■ **Exercise requirements**:
Determine how many lines in the records hold "False", then give that number by itself.

■ **Working data**:
• • • •

(* Let $p$ be an odd prime, $q=p^m$, $q=et+1$ with integers $e\geq 2,t\geq 1$, $R_{e,q}=\mathbb{F}_q[u]/\langle u^e-1\rangle$, and let $\varphi:R_{e,q}^n\to\mathbb{F}_q^{en}$ be the Gray map defined by a matrix $M\in GL_e(\mathbb{F}_q)$ with $MM^T=\gamma I_e$, $\gamma\in\mathbb{F}_q^*$ (see context). For every linear code $\mathcal{C}$ of length $n$ over $R_{e,q}$, $\varphi(\mathcal{C}\cap\mathcal{C}^\perp)=\varphi(\mathcal{C})\cap\varphi(\mathcal{C})^\perp$.
   Context: Write $u^e-1=\prod_{i=1}^e(u-\alpha_i)$ over $\mathbb{F}_q$, $G_i=u-\alpha_i$, $\widehat{G}_i=(u^e-1)/G_i$, $z_iG_i+h_i\widehat{G}_i=1$, $\mu_i=h_i\widehat{G}_i$; these are pairwise orthogonal idempotents summing to $1$, and each $r\in R_{e,q}$ is uniquely $r=\sum_i s_i\mu_i$, $s_i\in\mathbb{F}_q$. The Gray map is $\varphi(r_0,\dots,r_{n-1})=(\boldsymbol{r_0}M,\dots,\boldsymbol{r_{n-1}}M)$ with $\boldsymbol{r_j}=(s_{j,1},\dots,s_{j,e})$ for $r_j=\sum_i s_{j,i}\mu_i$. Duals are Euclidean (over $R_{e,q}$ and over $\mathbb{F}_q$). *)

theory Defs
  imports "HOL-Computational_Algebra.Polynomial" "HOL-Library.Cardinality"
begin

text \<open>The ring R_{e,q} = F_q[u]/(u^e - 1) is represented by polynomials of degree < e,
  with multiplication reduced modulo u^e - 1.\<close>

definition Upoly :: "nat \<Rightarrow> 'a::field poly" where
  "Upoly e = monom 1 e - 1"

definition Rcarrier :: "nat \<Rightarrow> 'a::field poly set" where
  "Rcarrier e = {r. r = 0 \<or> degree r < e}"

definition Rmult :: "nat \<Rightarrow> 'a::field poly \<Rightarrow> 'a poly \<Rightarrow> 'a poly" where
  "Rmult e a b = (a * b) mod Upoly e"

definition Rvecs :: "nat \<Rightarrow> nat \<Rightarrow> (nat \<Rightarrow> 'a::field poly) set" where
  "Rvecs e n = {x. (\<forall>j<n. x j \<in> Rcarrier e) \<and> (\<forall>j\<ge>n. x j = 0)}"

definition R_linear_code :: "nat \<Rightarrow> nat \<Rightarrow> (nat \<Rightarrow> 'a::field poly) set \<Rightarrow> bool" where
  "R_linear_code e n C \<longleftrightarrow> C \<subseteq> Rvecs e n \<and> (\<lambda>j. 0) \<in> C \<and>
     (\<forall>x\<in>C. \<forall>y\<in>C. (\<lambda>j. x j + y j) \<in> C) \<and>
     (\<forall>r\<in>Rcarrier e. \<forall>x\<in>C. (\<lambda>j. Rmult e r (x j)) \<in> C)"

definition Rdual :: "nat \<Rightarrow> nat \<Rightarrow> (nat \<Rightarrow> 'a::field poly) set \<Rightarrow> (nat \<Rightarrow> 'a poly) set" where
  "Rdual e n C = {x \<in> Rvecs e n. \<forall>c\<in>C. (\<Sum>j<n. x j * c j) mod Upoly e = 0}"

definition Fvecs :: "nat \<Rightarrow> (nat \<Rightarrow> 'a::field) set" where
  "Fvecs N = {y. \<forall>k\<ge>N. y k = 0}"

definition Fdual :: "nat \<Rightarrow> (nat \<Rightarrow> 'a::field) set \<Rightarrow> (nat \<Rightarrow> 'a) set" where
  "Fdual N D = {y \<in> Fvecs N. \<forall>d\<in>D. (\<Sum>k<N. y k * d k) = 0}"

text \<open>G_i = u - alpha_i, Ghat_i = (u^e-1)/G_i, h_i with z_i G_i + h_i Ghat_i = 1,
  mu_i = h_i Ghat_i (reduced mod u^e - 1). Indices i range over 0..<e.\<close>
definition Gpoly :: "(nat \<Rightarrow> 'a::field) \<Rightarrow> nat \<Rightarrow> 'a poly" where
  "Gpoly \<alpha> i = [:- \<alpha> i, 1:]"

definition Ghat :: "nat \<Rightarrow> (nat \<Rightarrow> 'a::field) \<Rightarrow> nat \<Rightarrow> 'a poly" where
  "Ghat e \<alpha> i = Upoly e div Gpoly \<alpha> i"

definition hpoly :: "nat \<Rightarrow> (nat \<Rightarrow> 'a::field) \<Rightarrow> nat \<Rightarrow> 'a poly" where
  "hpoly e \<alpha> i = (SOME h. \<exists>z. z * Gpoly \<alpha> i + h * Ghat e \<alpha> i = 1)"

definition mu :: "nat \<Rightarrow> (nat \<Rightarrow> 'a::field) \<Rightarrow> nat \<Rightarrow> 'a poly" where
  "mu e \<alpha> i = (hpoly e \<alpha> i * Ghat e \<alpha> i) mod Upoly e"

definition coords :: "nat \<Rightarrow> (nat \<Rightarrow> 'a::field) \<Rightarrow> 'a poly \<Rightarrow> nat \<Rightarrow> 'a" where
  "coords e \<alpha> r = (THE s. (\<forall>i\<ge>e. s i = 0) \<and> r = (\<Sum>i<e. smult (s i) (mu e \<alpha> i)))"

text \<open>Gray map: block j of the image is the row vector coords(r_j) times M.
  Position j*e + k holds entry k of block j.\<close>
definition gray :: "nat \<Rightarrow> (nat \<Rightarrow> 'a::field) \<Rightarrow> (nat \<Rightarrow> nat \<Rightarrow> 'a) \<Rightarrow> nat
                     \<Rightarrow> (nat \<Rightarrow> 'a poly) \<Rightarrow> nat \<Rightarrow> 'a" where
  "gray e \<alpha> M n x = (\<lambda>k. if k < e * n
      then (\<Sum>i<e. coords e \<alpha> (x (k div e)) i * M i (k mod e)) else 0)"

end

theory Submission
  imports Defs
begin

text \<open>As q = et + 1, the characteristic does not divide e, so u^e - 1 is separable and the
  \<alpha>_i are distinct. Evaluation at the \<alpha>_i is then an isomorphism from R_{e,q} onto F_q^e
  taking \<mu>_i to the i-th unit vector, so the coordinates of r are its values r(\<alpha>_i). Since
  M M^T = \<gamma> I, the Euclidean product of two Gray images is \<gamma> times the sum over i of the
  values at \<alpha>_i of their inner product over R_{e,q}; hence the Gray image of C \<inter> C^\<bottom> is
  orthogonal to the Gray image of C. Conversely, if \<phi>(x) is orthogonal to \<phi>(C), testing
  against the codewords \<mu>_i c, which lie in C by linearity, shows that x \<cdot> c vanishes at
  every \<alpha>_i and is therefore 0 in R_{e,q}.\<close>

lemma of_nat_card_eq_0: "of_nat CARD('a::{ring_1,finite}) = (0::'a)"
proof -
  have "(\<Sum>x\<in>UNIV. x + 1) = (\<Sum>x\<in>(\<lambda>x. x + 1) ` (UNIV::'a set). x)"
    by (subst sum.reindex) (auto simp: inj_on_def)
  also have "(\<lambda>x. x + 1) ` (UNIV::'a set) = UNIV"
    by (rule surjI[of _ "\<lambda>x. x - 1"]) simp
  finally have "(\<Sum>x\<in>UNIV. x + 1) = (\<Sum>x\<in>(UNIV::'a set). x)" .
  then show ?thesis by (simp add: sum.distrib)
qed

lemma of_nat_neq_0_if_card_eq:
  assumes "CARD('a) = e * t + 1"
  shows "of_nat e \<noteq> (0::'a::{ring_1,finite})"
  using of_nat_card_eq_0[where 'a='a] assms by auto

lemma degree_Upoly: "0 < e \<Longrightarrow> degree (Upoly e :: 'a::field poly) = e"
proof -
  assume "0 < e"
  then have "degree (monom (1::'a) e + (- 1)) = e"
    by (subst degree_add_eq_left) (auto simp: degree_monom_eq)
  then show ?thesis by (simp add: Upoly_def)
qed

lemma poly_Upoly: "poly (Upoly e) a = a ^ e - (1::'a::field)"
  by (simp add: Upoly_def poly_monom)

lemma not_linear_square_dvd_Upoly:
  assumes e: "of_nat e \<noteq> (0::'a::field)"
  shows "\<not> [:- a, 1:] ^ 2 dvd (Upoly e :: 'a poly)"
proof
  assume "[:- a, 1:] ^ 2 dvd (Upoly e :: 'a poly)"
  then obtain Q where Q: "Upoly e = [:- a, 1:] ^ 2 * Q" by (elim dvdE)
  have root: "poly [:- a, 1:] a = 0" by simp
  have "poly (Upoly e) a = 0" "poly (pderiv (Upoly e)) a = 0"
    unfolding Q power2_eq_square
    by (simp_all only: pderiv_mult poly_add poly_mult root mult_zero_left mult_zero_right add_0)
  then have "a ^ e = 1" and "of_nat e * a ^ (e - 1) = 0"
    by (simp_all add: poly_Upoly Upoly_def pderiv_diff pderiv_monom poly_monom)
  moreover have "e \<noteq> 0" using e by (intro notI) simp
  ultimately have "a \<noteq> 0" by (metis power_0_left zero_neq_one)
  with e \<open>of_nat e * a ^ (e - 1) = 0\<close> show False by simp
qed

lemma inj_on_if_no_linear_square_dvd_prod:
  fixes \<alpha> :: "'b \<Rightarrow> 'a::field"
  assumes sqf: "\<And>a. \<not> [:- a, 1:] ^ 2 dvd (\<Prod>i\<in>I. [:- \<alpha> i, 1:])" and fin: "finite I"
  shows "inj_on \<alpha> I"
proof (rule inj_onI, rule ccontr)
  fix i j assume i: "i \<in> I" and j: "j \<in> I" and eq: "\<alpha> i = \<alpha> j" and ne: "i \<noteq> j"
  have "(\<Prod>i\<in>I. [:- \<alpha> i, 1:]) = [:- \<alpha> i, 1:] * (\<Prod>k\<in>I - {i}. [:- \<alpha> k, 1:])"
    by (rule prod.remove[OF fin i])
  also have "(\<Prod>k\<in>I - {i}. [:- \<alpha> k, 1:]) = [:- \<alpha> j, 1:] * (\<Prod>k\<in>I - {i} - {j}. [:- \<alpha> k, 1:])"
    using fin j ne by (intro prod.remove) auto
  finally have "(\<Prod>i\<in>I. [:- \<alpha> i, 1:]) = [:- \<alpha> i, 1:] ^ 2 * (\<Prod>k\<in>I - {i} - {j}. [:- \<alpha> k, 1:])"
    by (simp only: eq power2_eq_square mult.assoc)
  then show False using sqf by (metis dvdI)
qed
lemma mat_over_iff: "M \<in> mat_over g n \<longleftrightarrow> M \<in> carrier_mat n n \<and> entries_in_R g M"
  unfolding mat_over_def entries_in_R_def by auto

lemma entries_in_R_mult:
  "entries_in_R g A \<Longrightarrow> entries_in_R g B \<Longrightarrow> dim_col A = dim_row B \<Longrightarrow> entries_in_R g (A * B)"
  unfolding entries_in_R_def by (auto simp: scalar_prod_def intro!: ring_R_sum)

lemma entries_in_R_conj_transpose: "entries_in_R g M \<Longrightarrow> entries_in_R g (conj_transpose M)"
  unfolding entries_in_R_def conj_transpose_def by auto

lemma det_in_ring_R:
  assumes "entries_in_R g M" "M \<in> carrier_mat k k"
  shows "det M \<in> ring_R g"
  unfolding det_def'[OF assms(2)] using assms
  by (auto simp: entries_in_R_def intro!: ring_R_sum ring_R_mult ring_R_prod)

lemma mat_over_mult: "A \<in> mat_over g n \<Longrightarrow> B \<in> mat_over g n \<Longrightarrow> A * B \<in> mat_over g n"
  by (auto simp: mat_over_iff intro: entries_in_R_mult)

lemma conj_transpose_carrier [simp]:
  "M \<in> carrier_mat n m \<Longrightarrow> conj_transpose M \<in> carrier_mat m n"
  unfolding conj_transpose_def by auto

lemma dim_conj_transpose [simp]:
  "dim_row (conj_transpose M) = dim_col M" "dim_col (conj_transpose M) = dim_row M"
  unfolding conj_transpose_def by simp_all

• • • •

■ **Your solution**:
2